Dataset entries
——————

(* Let $R$ be a commutative GPP-ring and $I$ a pure ideal of $R$. Then $R/I$ is a GPP-ring.
   Context: A commutative ring $A$ is a GPP-ring if for each $f\in A$ there exists $n\geq 1$ such that $Af^n$ is a projective $A$-module. An ideal $I$ of $R$ is pure if the canonical map $R\to R/I$ is flat; equivalently, for each $f\in I$ there exists $g\in I$ with $f(1-g)=0$. *)

theory Defs
  imports "HOL-Algebra.Algebra"
begin

definition ideal_module :: "('a, 'c) ring_scheme \<Rightarrow> 'a set \<Rightarrow> ('a, 'a) module" where
  "ideal_module R J =
     \<lparr>carrier = J, Group.monoid.mult = Group.monoid.mult R, Group.monoid.one = Group.monoid.one R, Ring.ring.zero = Ring.ring.zero R, Ring.ring.add = Ring.ring.add R,
      smult = (\<lambda>a x. a \<otimes>\<^bsub>R\<^esub> x)\<rparr>"

text \<open>Finitely supported coefficient families indexed by the elements of M:
  the elements of the free R-module on the set carrier M.\<close>
definition free_on :: "('a, 'c) ring_scheme \<Rightarrow> ('b, 'd) ring_scheme \<Rightarrow> ('b \<Rightarrow> 'a) set" where
  "free_on R M = {\<phi>. (\<forall>m\<in>carrier M. \<phi> m \<in> carrier R) \<and> (\<forall>m. m \<notin> carrier M \<longrightarrow> \<phi> m = \<zero>\<^bsub>R\<^esub>)
                     \<and> finite {m. \<phi> m \<noteq> \<zero>\<^bsub>R\<^esub>}}"

text \<open>An R-module M is projective iff the canonical epimorphism from the free module on
  carrier M onto M, \<phi> \<mapsto> \<Sum> \<phi>(m) m, splits by an R-linear map s (i.e. M is a direct summand
  of a free module; dual basis formulation).\<close>
definition projective_module :: "('a, 'c) ring_scheme \<Rightarrow> ('a, 'b, 'd) module_scheme \<Rightarrow> bool" where
  "projective_module R M \<longleftrightarrow> module R M \<and>
     (\<exists>s. (\<forall>x\<in>carrier M. s x \<in> free_on R M)
        \<and> (\<forall>x\<in>carrier M. \<forall>y\<in>carrier M. \<forall>m. s (x \<oplus>\<^bsub>M\<^esub> y) m = s x m \<oplus>\<^bsub>R\<^esub> s y m)
        \<and> (\<forall>a\<in>carrier R. \<forall>x\<in>carrier M. \<forall>m. s (a \<odot>\<^bsub>M\<^esub> x) m = a \<otimes>\<^bsub>R\<^esub> s x m)
        \<and> (\<forall>x\<in>carrier M. finsum M (\<lambda>m. s x m \<odot>\<^bsub>M\<^esub> m) {m. s x m \<noteq> \<zero>\<^bsub>R\<^esub>} = x))"

definition GPP_ring :: "('a, 'c) ring_scheme \<Rightarrow> bool" where
  "GPP_ring A \<longleftrightarrow> (\<forall>f\<in>carrier A. \<exists>n::nat. n \<ge> 1 \<and>
       projective_module A (ideal_module A (PIdl\<^bsub>A\<^esub> (f [^]\<^bsub>A\<^esub> n))))"

text \<open>Pure ideal, elementwise characterization given in the paper.\<close>
definition pure_ideal :: "('a, 'c) ring_scheme \<Rightarrow> 'a set \<Rightarrow> bool" where
  "pure_ideal R I \<longleftrightarrow> ideal I R \<and>
     (\<forall>f\<in>I. \<exists>g\<in>I. f \<otimes>\<^bsub>R\<^esub> (\<one>\<^bsub>R\<^esub> \<ominus>\<^bsub>R\<^esub> g) = \<zero>\<^bsub>R\<^esub>)"

end

theory Submission
  imports Defs
begin

text \<open>A principal ideal A h is projective iff some t satisfies t h = h and Ann h \<subseteq> Ann t;
  such a t is idempotent with Ann t = Ann h, so A h \<cong> A t is a direct summand of A.
  This condition descends to R/I for a pure ideal I: if a h \<in> I, choose g \<in> I with
  a h (1 - g) = 0; then a (1 - g) \<in> Ann h \<subseteq> Ann t, so a t = a t g \<in> I.\<close>

lemma ideal_module_simps [simp]:
  "carrier (ideal_module A J) = J"
  "Ring.ring.add (ideal_module A J) = Ring.ring.add A"
  "Ring.ring.zero (ideal_module A J) = Ring.ring.zero A"
  "Module.module.smult (ideal_module A J) = (\<lambda>a x. a \<otimes>\<^bsub>A\<^esub> x)"
  by (simp_all add: ideal_module_def)

lemma module_ideal_module:
  fixes A (structure)
  assumes "cring A" and "ideal J A"
  shows "module A (ideal_module A J)"
proof -
  interpret cring A by fact
  interpret ideal J A by fact
  have sub: "\<And>x. x \<in> J \<Longrightarrow> x \<in> carrier A" using a_subset by blast
  show ?thesis
    by (intro moduleI abelian_groupI \<open>cring A\<close>)
      (auto simp: sub a_closed I_l_closed a_ac r_neg l_distr r_distr m_assoc
        intro!: bexI[of _ "\<ominus> x" for x] a_inv_closed)
qed

lemma finsum_ideal_module:
  fixes A (structure)
  assumes "cring A" and "ideal J A" and "finite S" and "g ` S \<subseteq> J"
  shows "finsum (ideal_module A J) g S = finsum A g S"
proof -
  interpret cring A by fact
  interpret ideal J A by fact
  interpret M: module A "ideal_module A J" using assms(1,2) by (rule module_ideal_module)
  show ?thesis
    using \<open>finite S\<close> \<open>g ` S \<subseteq> J\<close>
  proof (induction S rule: finite_induct)
    case empty
    show ?case by simp
  next
    case (insert x S)
    then have "finsum (ideal_module A J) g (insert x S) = g x \<oplus> finsum A g S"
      by (subst M.finsum_insert) auto
    also have "\<dots> = finsum A g (insert x S)"
      using insert a_subset by (subst finsum_insert) auto
    finally show ?case .
  qed
qed

definition pidl_coeff :: "('a, 'c) ring_scheme \<Rightarrow> 'a \<Rightarrow> 'a \<Rightarrow> 'a" where
  "pidl_coeff A h x = (SOME r. r \<in> carrier A \<and> x = r \<otimes>\<^bsub>A\<^esub> h)"

lemma pidl_coeff:
  fixes A (structure)
  assumes "x \<in> PIdl h"
  shows "pidl_coeff A h x \<in> carrier A" and "pidl_coeff A h x \<otimes> h = x"
proof -
  have "\<exists>r. r \<in> carrier A \<and> x = r \<otimes> h" using assms unfolding cgenideal_def by blast
  then have "pidl_coeff A h x \<in> carrier A \<and> x = pidl_coeff A h x \<otimes> h"
    unfolding pidl_coeff_def by (rule someI_ex)
  then show "pidl_coeff A h x \<in> carrier A" and "pidl_coeff A h x \<otimes> h = x" by auto
qed

lemma finsum_cgenideal_eq_mult:
  fixes A (structure)
  assumes "cring A" and "h \<in> carrier A" and "finite S" and "S \<subseteq> PIdl h"
    and "\<And>m. c m \<in> carrier A"
  shows "finsum A (\<lambda>m. c m \<otimes> m) S = finsum A (\<lambda>m. c m \<otimes> pidl_coeff A h m) S \<otimes> h"
proof -
  interpret cring A by fact
  have coeff: "pidl_coeff A h m \<in> carrier A" "pidl_coeff A h m \<otimes> h = m" if "m \<in> S" for m
    using pidl_coeff[where A = A and h = h and x = m] that assms(4) by auto
  have "finsum A (\<lambda>m. c m \<otimes> m) S = finsum A (\<lambda>m. (c m \<otimes> pidl_coeff A h m) \<otimes> h) S"
    using assms(2,5) coeff by (intro finsum_cong') (auto simp: m_assoc)
  also have "\<dots> = finsum A (\<lambda>m. c m \<otimes> pidl_coeff A h m) S \<otimes> h"
    using assms(2,3,5) coeff by (subst finsum_ldistr) auto
  finally show ?thesis .
qed
(* Let $U_1,\ldots,U_K$ be mutually commuting unitary operators on a Hilbert space $\mathcal{H}_Q$ of finite dimension $D_Q$. If $U_1,\ldots,U_K$ are unambiguously distinguishable, then $K\le D_Q$.
   Context: A finite list of unitary operators $U_1,\ldots,U_K$ on a finite-dimensional Hilbert space $\mathcal{H}_Q$ is called unambiguously distinguishable if there exist a finite-dimensional Hilbert space $\mathcal{H}_A$ (an ancilla) and a unit vector $|\psi\rangle\in\mathcal{H}_Q\otimes\mathcal{H}_A$ such that the $K$ output vectors $(U_j\otimes\mathbb{1}_A)|\psi\rangle$, $j=1,\ldots,K$, are linearly independent (equivalently, some measurement on the output identifies $j$ with zero error probability and with nonzero success probability for every $j$). *)

theory Defs
  imports Complex_Main
begin

(* Operators on H_Q = C^D are D x D complex matrices w.r.t. a fixed orthonormal
   basis, represented as functions  nat => nat => complex  (entries (i,j), i,j < D).
   Vectors in H_Q (x) H_A = C^DQ (x) C^DA are represented by their coefficients
   psi q a in the product basis |q> (x) |a>, q < DQ, a < DA. *)

definition unitary_op :: "nat \<Rightarrow> (nat \<Rightarrow> nat \<Rightarrow> complex) \<Rightarrow> bool" where
  "unitary_op D U \<longleftrightarrow>
     (\<forall>i<D. \<forall>k<D. (\<Sum>j<D. U i j * cnj (U k j)) = (if i = k then 1 else 0)) \<and>
     (\<forall>i<D. \<forall>k<D. (\<Sum>j<D. cnj (U j i) * U j k) = (if i = k then 1 else 0))"

definition commute_op :: "nat \<Rightarrow> (nat \<Rightarrow> nat \<Rightarrow> complex) \<Rightarrow> (nat \<Rightarrow> nat \<Rightarrow> complex) \<Rightarrow> bool" where
  "commute_op D U V \<longleftrightarrow>
     (\<forall>i<D. \<forall>k<D. (\<Sum>j<D. U i j * V j k) = (\<Sum>j<D. V i j * U j k))"

definition tensor_id_apply ::
  "nat \<Rightarrow> (nat \<Rightarrow> nat \<Rightarrow> complex) \<Rightarrow> (nat \<Rightarrow> nat \<Rightarrow> complex) \<Rightarrow> nat \<Rightarrow> nat \<Rightarrow> complex" where
  "tensor_id_apply DQ U psi q a = (\<Sum>q'<DQ. U q q' * psi q' a)"
definition almost_subnormal :: "'a set \<Rightarrow> ('a, 'b) monoid_scheme \<Rightarrow> bool" where
  "almost_subnormal H G \<longleftrightarrow> (\<exists>r Hs. Hs 0 = carrier G \<and> Hs r = H \<and>
     (\<forall>i\<le>r. subgroup (Hs i) G) \<and>
     (\<forall>i<r. Hs (Suc i) \<subseteq> Hs i \<and>
        (Hs (Suc i) \<lhd> G\<lparr>carrier := Hs i\<rparr> \<or>
         finite (rcosets\<^bsub>G\<lparr>carrier := Hs i\<rparr>\<^esub> Hs (Suc i)))))"

definition subnormal :: "'a set \<Rightarrow> ('a, 'b) monoid_scheme \<Rightarrow> bool" where
  "subnormal H G \<longleftrightarrow> (\<exists>r Hs. Hs 0 = carrier G \<and> Hs r = H \<and>
     (\<forall>i\<le>r. subgroup (Hs i) G) \<and>
     (\<forall>i<r. Hs (Suc i) \<subseteq> Hs i \<and> Hs (Suc i) \<lhd> G\<lparr>carrier := Hs i\<rparr>))"

end

theory Submission
  imports Defs
begin

text \<open>
  Conditions (3) \<Rightarrow> (2) \<Rightarrow> (1) are trivial. For (4) \<Rightarrow> (3), Gaussian elimination writes every
  \<open>g \<in> GL\<^sub>n(D)\<close> as \<open>e \<cdot> diag(c, 1, \<dots>, 1)\<close> with \<open>e \<in> SL\<^sub>n(D)\<close>; hence \<open>SL\<^sub>n(D)\<close> is
  normal, all commutators of \<open>GL\<^sub>n(D)\<close> lie in \<open>SL\<^sub>n(D)\<close>, and every subgroup containing
  \<open>SL\<^sub>n(D)\<close> is normal.

  The substance is (1) \<Rightarrow> (4). A non-central subgroup \<open>M\<close> normalized by \<open>SL\<^sub>n(D)\<close>
  contains \<open>SL\<^sub>n(D)\<close>: such an \<open>M\<close> moves some line, and after conjugating by \<open>SL\<^sub>n(D)\<close>
  it maps a fixed line to every other line. Hence \<open>SL\<^sub>n(D) \<subseteq> M U\<close> for the abelian group
  \<open>U\<close> of row shears \<open>I + e\<^sub>p w\<^sup>T\<close> (which fixes \<open>e\<^sub>p\<close>), so all commutators of
  \<open>SL\<^sub>n(D)\<close> lie in \<open>M\<close>; over an infinite division ring every transvection is a product of
  such commutators. Along an almost subnormal chain, \<open>SL\<^sub>n(D)\<close> then passes from each term to
  the next: directly for a normal step, and through the normal core for a step of finite index,
  the core being non-central because two of the infinitely many transvections \<open>t\<^sub>p\<^sub>q(a)\<close>
  lie in the same coset of it.
\<close>

lemma (in group) inv_cancel_left [simp]:
  "x \<in> carrier G \<Longrightarrow> y \<in> carrier G \<Longrightarrow> inv x \<otimes> (x \<otimes> y) = y"
  "x \<in> carrier G \<Longrightarrow> y \<in> carrier G \<Longrightarrow> x \<otimes> (inv x \<otimes> y) = y"
  by (simp_all flip: m_assoc)

lemma (in normal) commutator_mod_normal:
  assumes "a \<in> H" "b \<in> H" "x \<in> carrier G" "y \<in> carrier G"
    and "x \<otimes> y \<otimes> inv x \<otimes> inv y \<in> H"
  shows "(a \<otimes> x) \<otimes> (b \<otimes> y) \<otimes> inv (a \<otimes> x) \<otimes> inv (b \<otimes> y) \<in> H"
proof -
  have [simp]: "a \<in> carrier G" "b \<in> carrier G"
    using assms(1,2) subset by auto
  have "(a \<otimes> x) \<otimes> (b \<otimes> y) \<otimes> inv (a \<otimes> x) \<otimes> inv (b \<otimes> y)
      = a \<otimes> (x \<otimes> b \<otimes> inv x) \<otimes> (x \<otimes> y \<otimes> inv x \<otimes> inv y) \<otimes> (y \<otimes> inv a \<otimes> inv y) \<otimes> inv b"
    using assms(3,4) by (simp add: m_assoc inv_mult_group)
  also have "\<dots> \<in> H"
  proof -
    have "x \<otimes> b \<otimes> inv x \<in> H" "y \<otimes> inv a \<otimes> inv y \<in> H"
      using assms by (auto intro: inv_op_closed2 subgroup.m_inv_closed[OF is_subgroup])
    then show ?thesis
      using assms by (simp add: subgroup.m_closed[OF is_subgroup] subgroup.m_inv_closed[OF is_subgroup])
  qed
  finally show ?thesis .
qed

lemma (in group) normal_if_contains_commutators:
  assumes "subgroup N G"
    and "\<And>g h. g \<in> carrier G \<Longrightarrow> h \<in> carrier G \<Longrightarrow> g \<otimes> h \<otimes> inv g \<otimes> inv h \<in> N"
  shows "N \<lhd> G"
proof (rule normal_invI[OF assms(1)])
  fix g h
  assume "g \<in> carrier G" "h \<in> N"
  moreover from this have "h \<in> carrier G" using subgroup.subset[OF assms(1)] by auto
  ultimately have "g \<otimes> h \<otimes> inv g = (g \<otimes> h \<otimes> inv g \<otimes> inv h) \<otimes> h"
    by (simp add: m_assoc)
  also have "\<dots> \<in> N"
    using assms \<open>g \<in> carrier G\<close> \<open>h \<in> N\<close> \<open>h \<in> carrier G\<close> by (simp add: subgroup.m_closed)
  finally show "g \<otimes> h \<otimes> inv g \<in> N" .
qed

lemma normal_imp_subnormal:
  assumes "N \<lhd> G"
  shows "subnormal N G"
  unfolding subnormal_def
proof (intro exI[of _ "1::nat"] exI[of _ "\<lambda>i. if i = 0 then carrier G else N"] conjI allI impI)
  fix i :: nat
  assume "i \<le> 1"
  then show "subgroup (if i = 0 then carrier G else N) G"
    using assms by (auto intro: normal_imp_subgroup group.subgroup_self normal.axioms(2))
next
  fix i :: nat
  assume "i < 1"
  then show "(if Suc i = 0 then carrier G else N) \<subseteq> (if i = 0 then carrier G else N)"
    and "(if Suc i = 0 then carrier G else N) \<lhd> G\<lparr>carrier := if i = 0 then carrier G else N\<rparr>"
    using assms normal_imp_subgroup[OF assms] subgroup.subset by auto
qed simp_all

lemma subnormal_imp_almost_subnormal: "subnormal N G \<Longrightarrow> almost_subnormal N G"
  unfolding subnormal_def almost_subnormal_def by blast

lemma (in group) subgroup_set_mult_if_normalizes:
  assumes M: "subgroup M G" and U: "subgroup U G"
    and normalizes: "\<And>u m. u \<in> U \<Longrightarrow> m \<in> M \<Longrightarrow> u \<otimes> m \<otimes> inv u \<in> M"
  shows "subgroup (M <#> U) G"
proof (rule subgroupI)
  show "M <#> U \<subseteq> carrier G"
    using subgroup.mem_carrier[OF M] subgroup.mem_carrier[OF U] by (auto simp: set_mult_def)
  show "M <#> U \<noteq> {}"
    using subgroup.one_closed[OF M] subgroup.one_closed[OF U] by (auto simp: set_mult_def)
next
  fix x
  assume "x \<in> M <#> U"
  then obtain m u where mu: "m \<in> M" "u \<in> U" "x = m \<otimes> u"
    by (auto simp: set_mult_def)
  then have "inv x = (inv u \<otimes> inv m \<otimes> inv (inv u)) \<otimes> inv u"
    using subgroup.mem_carrier[OF M] subgroup.mem_carrier[OF U] by (simp add: inv_mult_group m_assoc)
  moreover have "inv u \<in> U" "inv m \<in> M"
    using mu M U by (auto intro: subgroup.m_inv_closed)
  moreover from this have "inv u \<otimes> inv m \<otimes> inv (inv u) \<in> M"
    by (rule normalizes)
  ultimately show "inv x \<in> M <#> U"
    by (auto simp: set_mult_def)
next
  fix x y
  assume "x \<in> M <#> U" "y \<in> M <#> U"
  then obtain m u m' u' where mu: "m \<in> M" "u \<in> U" "x = m \<otimes> u" "m' \<in> M" "u' \<in> U" "y = m' \<otimes> u'"
    by (auto simp: set_mult_def)
  then have "x \<otimes> y = (m \<otimes> (u \<otimes> m' \<otimes> inv u)) \<otimes> (u \<otimes> u')"
    using subgroup.mem_carrier[OF M] subgroup.mem_carrier[OF U] by (simp add: m_assoc)
  moreover have "m \<otimes> (u \<otimes> m' \<otimes> inv u) \<in> M" "u \<otimes> u' \<in> U"
    using mu M U by (auto intro: normalizes subgroup.m_closed)
  ultimately show "x \<otimes> y \<in> M <#> U"
    by (auto simp: set_mult_def)
qed

text \<open>\<open>M\<close> is normal in \<open>M U\<close>, and \<open>M U / M\<close> is a quotient of the abelian group \<open>U\<close>.\<close>

lemma (in group) commutator_in_if_set_mult_abelian:
  assumes M: "subgroup M G" and U: "subgroup U G"
    and normalizes: "\<And>u m. u \<in> U \<Longrightarrow> m \<in> M \<Longrightarrow> u \<otimes> m \<otimes> inv u \<in> M"
    and abelian: "\<And>u v. u \<in> U \<Longrightarrow> v \<in> U \<Longrightarrow> u \<otimes> v = v \<otimes> u"
    and "x \<in> M <#> U" "y \<in> M <#> U"
  shows "x \<otimes> y \<otimes> inv x \<otimes> inv y \<in> M"
proof -
  have [simp]: "x \<in> carrier G" if "x \<in> M" for x
    using that subgroup.subset[OF M] by blast
  have [simp]: "x \<in> carrier G" if "x \<in> U" for x
    using that subgroup.subset[OF U] by blast
  obtain m u m' u' where mu: "m \<in> M" "u \<in> U" "x = m \<otimes> u" "m' \<in> M" "u' \<in> U" "y = m' \<otimes> u'"
    using assms(5,6) by (auto simp: set_mult_def)
  have "inv u \<in> U" "inv u' \<in> U" "inv m \<in> M" "inv m' \<in> M"
    using mu M U by (auto intro: subgroup.m_inv_closed)
  moreover have "u' \<otimes> (inv u \<otimes> z) = inv u \<otimes> (u' \<otimes> z)" if "z \<in> carrier G" for z
    using that mu \<open>inv u \<in> U\<close> abelian[of u' "inv u"] by (simp flip: m_assoc)
  ultimately have "x \<otimes> y \<otimes> inv x \<otimes> inv y = m \<otimes> (u \<otimes> m' \<otimes> inv u) \<otimes> (u' \<otimes> inv m \<otimes> inv u') \<otimes> inv m'"
    using mu by (simp add: inv_mult_group m_assoc)
  also have "\<dots> \<in> M"
    using mu M U \<open>inv m \<in> M\<close> \<open>inv m' \<in> M\<close>
    by (auto intro!: subgroup.m_closed[OF M] normalizes)
  finally show ?thesis .
qed

text \<open>Equivalently, the kernel of the action of \<open>H\<close> on the right cosets of \<open>K\<close>.\<close>

definition normal_core :: "('a, 'b) monoid_scheme \<Rightarrow> 'a set \<Rightarrow> 'a set \<Rightarrow> 'a set" where
  "normal_core G H K = {c \<in> H. \<forall>a\<in>H. a \<otimes>\<^bsub>G\<^esub> c \<otimes>\<^bsub>G\<^esub> inv\<^bsub>G\<^esub> a \<in> K}"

——————

_Task objective_
Each line in the entries above, starting at the line with "using assms(3,4) by" and ending at the line with "unfolding subnormal_def almost_subnormal_def", is to be printed exactly, and only those lines.

_Solution to this exercise_
    using assms(3,4) by (simp add: m_assoc inv_mult_group)
  also have "\<dots> \<in> H"
  proof -
    have "x \<otimes> b \<otimes> inv x \<in> H" "y \<otimes> inv a \<otimes> inv y \<in> H"
      using assms by (auto intro: inv_op_closed2 subgroup.m_inv_closed[OF is_subgroup])
    then show ?thesis
      using assms by (simp add: subgroup.m_closed[OF is_subgroup] subgroup.m_inv_closed[OF is_subgroup])
  qed
  finally show ?thesis .
qed

lemma (in group) normal_if_contains_commutators:
  assumes "subgroup N G"
    and "\<And>g h. g \<in> carrier G \<Longrightarrow> h \<in> carrier G \<Longrightarrow> g \<otimes> h \<otimes> inv g \<otimes> inv h \<in> N"
  shows "N \<lhd> G"
proof (rule normal_invI[OF assms(1)])
  fix g h
  assume "g \<in> carrier G" "h \<in> N"
  moreover from this have "h \<in> carrier G" using subgroup.subset[OF assms(1)] by auto
  ultimately have "g \<otimes> h \<otimes> inv g = (g \<otimes> h \<otimes> inv g \<otimes> inv h) \<otimes> h"
    by (simp add: m_assoc)
  also have "\<dots> \<in> N"
    using assms \<open>g \<in> carrier G\<close> \<open>h \<in> N\<close> \<open>h \<in> carrier G\<close> by (simp add: subgroup.m_closed)
  finally show "g \<otimes> h \<otimes> inv g \<in> N" .
qed

lemma normal_imp_subnormal:
  assumes "N \<lhd> G"
  shows "subnormal N G"
  unfolding subnormal_def
proof (intro exI[of _ "1::nat"] exI[of _ "\<lambda>i. if i = 0 then carrier G else N"] conjI allI impI)
  fix i :: nat
  assume "i \<le> 1"
  then show "subgroup (if i = 0 then carrier G else N) G"
    using assms by (auto intro: normal_imp_subgroup group.subgroup_self normal.axioms(2))
next
  fix i :: nat
  assume "i < 1"
  then show "(if Suc i = 0 then carrier G else N) \<subseteq> (if i = 0 then carrier G else N)"
    and "(if Suc i = 0 then carrier G else N) \<lhd> G\<lparr>carrier := if i = 0 then carrier G else N\<rparr>"
    using assms normal_imp_subgroup[OF assms] subgroup.subset by auto
qed simp_all

lemma subnormal_imp_almost_subnormal: "subnormal N G \<Longrightarrow> almost_subnormal N G"
  unfolding subnormal_def almost_subnormal_def by blast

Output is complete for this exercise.